The company’s second-quarter sales rose 21 percent to $538 million, including $45 million in net sales from DKNY and Donna Karan. The second quarter of 2016 did not include any sales from DKNY or Donna Karan, which were acquired in a $650 million deal in December.
However, G-III still tallied a net loss of $8.6 million, up from losses $1.3 million a year ago.
Shares of G-III rose 5.3 percent to $29.02 in the first minutes of trading, an eight-month high.
Morris Goldfarb, G-III’s chairman and chief executive officer, said the addition of the Donna Karan brands has given the company a “powerful” group of global brands.
“This great portfolio is enabling us to perform well despite significant headwinds in the marketplace,” Goldfarb said. “We are positioned to provide exciting new assortments to a range of retailers and to demonstrate leadership in our industry at a critical time. We expect to generate growth in sales and achieve higher levels of profitability as we move forward.”
G-III also operates Karl Lagerfeld Paris, Andrew Marc Bass footwear, Vilebrequin swimwear, Wilson’s Leather and also has licenses for the PVH-owned Calvin Klein and Tommy Hilfiger brands.
Goldfarb said the company is still going through a process of “store rationalization,” which began last year with the closure of 60 retail locations. During the first quarter, G-III also began the process of closing another 69 Wilson and Bass stores and another 45 locations are set to close by 2018.

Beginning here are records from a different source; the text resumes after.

(* Let $k\ge1$, $W^k=\,]-1/2,1/2]^k$, and let $\Lambda\subset\mathbf{R}^k$ be a lattice of covolume $1$ such that $D_c(W^k+\Lambda)\ge1/2$. Then for every $v\in\mathbf{R}^k$, \[D_c\big((W^k+\Lambda+v)\cap(W^k+\Lambda)\big)\ge2D_c(W^k+\Lambda)-1.\]
   Context: For $E\subset\mathbf{R}^k$, $D_c(E)=\lim_{R\to\infty}\operatorname{Leb}(B_R\cap E)/\operatorname{Leb}(B_R)$, where $B_R=\{x:\|x\|_\infty\le R\}$ (this limit exists for the $\Lambda$-periodic sets considered). *)

theory Defs
  imports "HOL-Analysis.Analysis"
begin

definition lattice_of :: "real^'n^'n \<Rightarrow> (real^'n) set" where
  "lattice_of B = {B *v (\<chi> i. real_of_int (z i)) | z :: 'n \<Rightarrow> int. True}"

definition is_lattice :: "(real^'n) set \<Rightarrow> bool" where
  "is_lattice L \<longleftrightarrow> (\<exists>B. invertible B \<and> L = lattice_of B)"

definition covolume_one_lattice :: "(real^'n) set \<Rightarrow> bool" where
  "covolume_one_lattice L \<longleftrightarrow> (\<exists>B. invertible B \<and> \<bar>det B\<bar> = 1 \<and> L = lattice_of B)"

definition Wcube :: "(real^'n) set" where
  "Wcube = {x. \<forall>i. -1/2 < x$i \<and> x$i \<le> 1/2}"

definition supball :: "real \<Rightarrow> (real^'n) set" where
  "supball R = {x. \<forall>i. \<bar>x$i\<bar> \<le> R}"

definition msum :: "(real^'n) set \<Rightarrow> (real^'n) set \<Rightarrow> (real^'n) set" where
  "msum A C = {a + c | a c. a \<in> A \<and> c \<in> C}"

text \<open>Density D_c(E) = lim_{R\<rightarrow>\<infinity>} Leb(B_R \<inter> E)/Leb(B_R) (the limit exists for the
  periodic sets considered).\<close>
definition Dc :: "(real^'n) set \<Rightarrow> real" where
  "Dc E = Lim at_top (\<lambda>R::real. measure lebesgue (supball R \<inter> E) / measure lebesgue (supball R :: (real^'n) set))"

end

theory Submission
  imports Defs "HOL-Real_Asymp.Real_Asymp"
begin

text \<open>Let \<open>P\<close> be a bounded fundamental cell of the lattice \<open>\<Lambda>\<close>. Every translate of a fundamental
  cell meets a \<open>\<Lambda>\<close>-periodic Borel set \<open>A\<close> in the same measure. Integrating
  \<open>|B\<^sub>R \<inter> (A - y)|\<close> over \<open>y \<in> P\<close> (Tonelli) therefore gives \<open>|P \<inter> A| |B\<^sub>R|\<close>, while each
  integrand lies between \<open>|B\<^sub>R\<^sub>-\<^sub>d \<inter> A|\<close> and \<open>|B\<^sub>R\<^sub>+\<^sub>d \<inter> A|\<close>; hence \<open>D\<^sub>c(A) = |P \<inter> A| / |P|\<close>.
  So translating \<open>E = W\<^sup>k + \<Lambda>\<close> does not change its density, and inclusion-exclusion inside \<open>P\<close>
  gives \<open>|P \<inter> (E + v) \<inter> E| \<ge> |P \<inter> (E + v)| + |P \<inter> E| - |P|\<close>.\<close>

definition periodic_set :: "'a::ab_group_add set \<Rightarrow> 'a set \<Rightarrow> bool" where
  "periodic_set \<Lambda> A \<longleftrightarrow> (\<forall>l\<in>\<Lambda>. \<forall>x. x + l \<in> A \<longleftrightarrow> x \<in> A)"

definition fundamental_domain :: "'a::euclidean_space set \<Rightarrow> 'a set \<Rightarrow> bool" where
  "fundamental_domain \<Lambda> F \<longleftrightarrow> F \<in> sets borel \<and> (\<forall>y. \<exists>!l. l \<in> \<Lambda> \<and> y - l \<in> F)"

“We can mitigate the pressure on our retail results while reaping the benefits of an exciting new phase of wholesale growth as we look forward to a successful second half of the year,” he said.
Given the results of the Donna Karan brands, G-III upped its full-year guidance. It now expects revenue of about $2.8 billion and net income of up to $60 million. The company had projected net sales around $2.7 billion and net income topping out at $57 million.